Today we're publishing the results of a NESTA-funded research project we carried out in 2019-20 to compare assessing primary writing with Comparative Judgement (CJ) and the Teacher Assessment Framework (TAF).
We compared the grades teachers gave to 349 pieces of Year 6 writing. First, we got a panel of experienced teachers led by a local authority moderator to repeatedly grade each piece of writing using the TAF. Then we assessed each piece of writing using CJ.
We graded pieces with one of the three TAF grades: Working Towards, Expected Standard, Greater Depth. We called these the three 'wide' grades. We also subdivided each grade into three, to allow us to assess accuracy more precisely. We called these the nine 'fine' grades.
Q1: How reliable is each assessment method? We found that for any individual piece of writing, the chance that two teachers would agree on the wide grade was 64%. For CJ, the agreement was 86%.
We calculated the size of these disagreements using the 9 grade system. With the TAF, the disagreement between two markers was +/- 2 grades. A script getting EXS-B with marker 1 could get from WTS-A to GDS-C from marker 2. With CJ, the disagreement was +/- 1 grade.

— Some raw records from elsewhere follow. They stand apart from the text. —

lemma reidemeister_wreath_map_fixed_point:
  assumes G: "group G" and k: "k \<notin> F" and \<sigma>: "\<sigma> permutes insert k F" and \<sigma>k: "\<sigma> k = k"
    and \<phi>: "\<forall>i\<in>insert k F. \<phi> i \<in> hom G G"
  shows "reidemeister (power_group G (insert k F)) (wreath_map (insert k F) \<sigma> \<phi>)
       = reidemeister G (\<phi> k) * reidemeister (power_group G F) (wreath_map F \<sigma> \<phi>)"
proof -
  let ?I = "insert k F"
  have \<sigma>F: "\<sigma> permutes F" using permutes_superset[OF \<sigma>] \<sigma>k by auto
  let ?r = "reid_rel (power_group G ?I) (wreath_map ?I \<sigma> \<phi>)"
  let ?s = "rel_Times (reid_rel G (\<phi> k)) (reid_rel (power_group G F) (wreath_map F \<sigma> \<phi>))"
  have equiv_k: "equiv (carrier G) (reid_rel G (\<phi> k))" using reid_rel_equiv G \<phi> by blast
  have equiv_F: "equiv (carrier (power_group G F)) (reid_rel (power_group G F) (wreath_map F \<sigma> \<phi>))"
    using G \<phi> by (intro reid_rel_equiv wreath_map_hom[OF \<sigma>F]) auto
  have "ecard (carrier (power_group G ?I) // ?r) = ecard ((carrier G \<times> carrier (power_group G F)) // ?s)"
  proof (rule ecard_quotient_eq_by_representatives[where e = "\<lambda>(a, z). z(k := a)"])
    show "equiv (carrier (power_group G ?I)) ?r"
      using G \<phi> by (intro reid_rel_equiv wreath_map_hom[OF \<sigma>]) auto
    show "equiv (carrier G \<times> carrier (power_group G F)) ?s"
      using equiv_rel_Times[OF equiv_k equiv_F] .
    show "(\<lambda>(a, z). z(k := a)) b \<in> carrier (power_group G ?I)"
      if "b \<in> carrier G \<times> carrier (power_group G F)" for b
      using that k by (auto simp: PiE_iff extensional_def)
    show "\<exists>b\<in>carrier G \<times> carrier (power_group G F). (x, (\<lambda>(a, z). z(k := a)) b) \<in> ?r"
      if "x \<in> carrier (power_group G ?I)" for x
    proof -
      have "(restrict x F)(k := x k) = x" using that k by (auto simp: PiE_iff extensional_def)
      then show ?thesis
        using that equiv_class_eq_iff[OF \<open>equiv (carrier (power_group G ?I)) ?r\<close>]
        by (intro bexI[of _ "(x k, restrict x F)"]) auto
    qed
    show "((\<lambda>(a, z). z(k := a)) b, (\<lambda>(a, z). z(k := a)) b') \<in> ?r \<longleftrightarrow> (b, b') \<in> ?s"
      if "b \<in> carrier G \<times> carrier (power_group G F)" "b' \<in> carrier G \<times> carrier (power_group G F)"
      for b b'
      using that reid_rel_wreath_map_fixed_point_iff[OF G k \<sigma> \<sigma>k \<phi>] by (auto simp: rel_Times_def)
  qed
  then show ?thesis
    unfolding reidemeister_eq_ecard ecard_quotient_rel_Times[OF equiv_k equiv_F] .
qed

text \<open>Since \<open>\<sigma> j = k\<close>, coordinate \<open>k\<close> is merged into coordinate \<open>j\<close>: the wreath map of
  \<open>\<sigma>' = \<sigma> \<circ> (j k)\<close> and \<open>\<phi>'\<^sub>j = \<phi>\<^sub>j \<circ> \<phi>\<^sub>k\<close> on \<open>G\<^sup>F\<close> has the same Reidemeister number.\<close>
locale wreath_collapse = group G
  for G :: "('a, 'b) monoid_scheme" (structure) +
  fixes F :: "nat set" and k j :: nat and \<sigma> :: "nat \<Rightarrow> nat" and \<phi> :: "nat \<Rightarrow> 'a \<Rightarrow> 'a"
  assumes k_notin: "k \<notin> F" and j_in: "j \<in> F"
    and \<sigma>_permutes: "\<sigma> permutes insert k F" and \<sigma>_j: "\<sigma> j = k"
    and \<phi>_hom: "\<forall>i\<in>insert k F. \<phi> i \<in> hom G G"
begin

definition \<sigma>' :: "nat \<Rightarrow> nat" where
  "\<sigma>' = \<sigma> \<circ> Transposition.transpose j k"

definition \<phi>' :: "nat \<Rightarrow> 'a \<Rightarrow> 'a" where
  "\<phi>' = \<phi>(j := compose (carrier G) (\<phi> j) (\<phi> k))"

lemma j_neq_k: "j \<noteq> k"
  using j_in k_notin by auto

lemma \<sigma>_eq_k_iff: "\<sigma> i = k \<longleftrightarrow> i = j"
  using permutes_inj[OF \<sigma>_permutes] \<sigma>_j by (metis injD)

lemma \<sigma>_in_F: "i \<in> insert k F \<Longrightarrow> i \<noteq> j \<Longrightarrow> \<sigma> i \<in> F"
  using permutes_in_image[OF \<sigma>_permutes, of i] \<sigma>_eq_k_iff[of i] by simp

lemma \<sigma>_k_in_F: "\<sigma> k \<in> F"
  using \<sigma>_in_F j_neq_k by auto

lemma \<sigma>_k_neq_k: "\<sigma> k \<noteq> k"
  using \<sigma>_k_in_F k_notin by auto

lemma \<sigma>'_apply: "i \<in> F \<Longrightarrow> \<sigma>' i = (if i = j then \<sigma> k else \<sigma> i)"
  using k_notin by (auto simp: \<sigma>'_def Transposition.transpose_def)

lemma \<sigma>'_permutes: "\<sigma>' permutes F"
proof -
  have "Transposition.transpose j k permutes insert k F" using j_in by (simp add: permutes_swap_id)
  then have "\<sigma>' permutes insert k F" unfolding \<sigma>'_def by (rule permutes_compose[OF _ \<sigma>_permutes])
  moreover have "\<sigma>' i = i" if "i \<in> insert k F - F" for i
    using that \<sigma>_j by (auto simp: \<sigma>'_def)
  ultimately show ?thesis by (rule permutes_superset)
qed

lemma \<phi>'_hom: "\<forall>i\<in>F. \<phi>' i \<in> hom G G"
  using \<phi>_hom j_in by (auto simp: \<phi>'_def intro: hom_compose)

lemma \<phi>_closed: "i \<in> insert k F \<Longrightarrow> x \<in> carrier G \<Longrightarrow> \<phi> i x \<in> carrier G"
  using \<phi>_hom by (auto simp: hom_def)

lemma \<phi>_group_hom: "i \<in> insert k F \<Longrightarrow> group_hom G G (\<phi> i)"
  using \<phi>_hom by (auto simp: group_hom_def group_hom_axioms_def is_group)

Q2: How efficient is each method? You can make the TAF more reliable by aggregating the grades of lots of teachers. However, this increases the time taken.
You would need to aggregate four separate individual TAF grades – that is, to quadruple-mark each piece of writing – in order to reach the level of reliability equivalent to that of a single Comparative Judgement session. This would take twice as long as a CJ session.
Q3: How valid is each method? If we assume the average TAF grade is the most reliable one, then this grade does agree quite closely with the CJ grade. 79% of scripts got the same wide grade with both methods. 92% were within one fine grade of each other.
This suggests teachers apply a broadly similar understanding of good writing when they use CJ as when they use the TAF. However, further analysis of script content would be useful here: there are some differences in grades and it may be they reflect slightly different emphases.
Perhaps the real insight is the power of aggregation. No one individual marker or judger holds the true standard within their head, but by combining their judgements we can reach a consensus. This is true whether we are using the TAF or CJ - but it is quicker with CJ!
We have also published the full set of 349 scripts together with their median-TAF grade, every grade they were given by the individual teachers and the CJ grade. This is a really valuable resource for all primary teachers. https://observablehq.com/@nmm/the-reliability-of-grading-writing-using-the-teacher-asses
So far as we know it is the most extensive & rigorous exemplification exercise carried out on the new TAF - it consists of writing of real children from representative schools, completed in consistent conditions and then assessed many times by experienced, trained teachers.
Over the next few days we will also blog about some more of the detail from this study. Enjoy!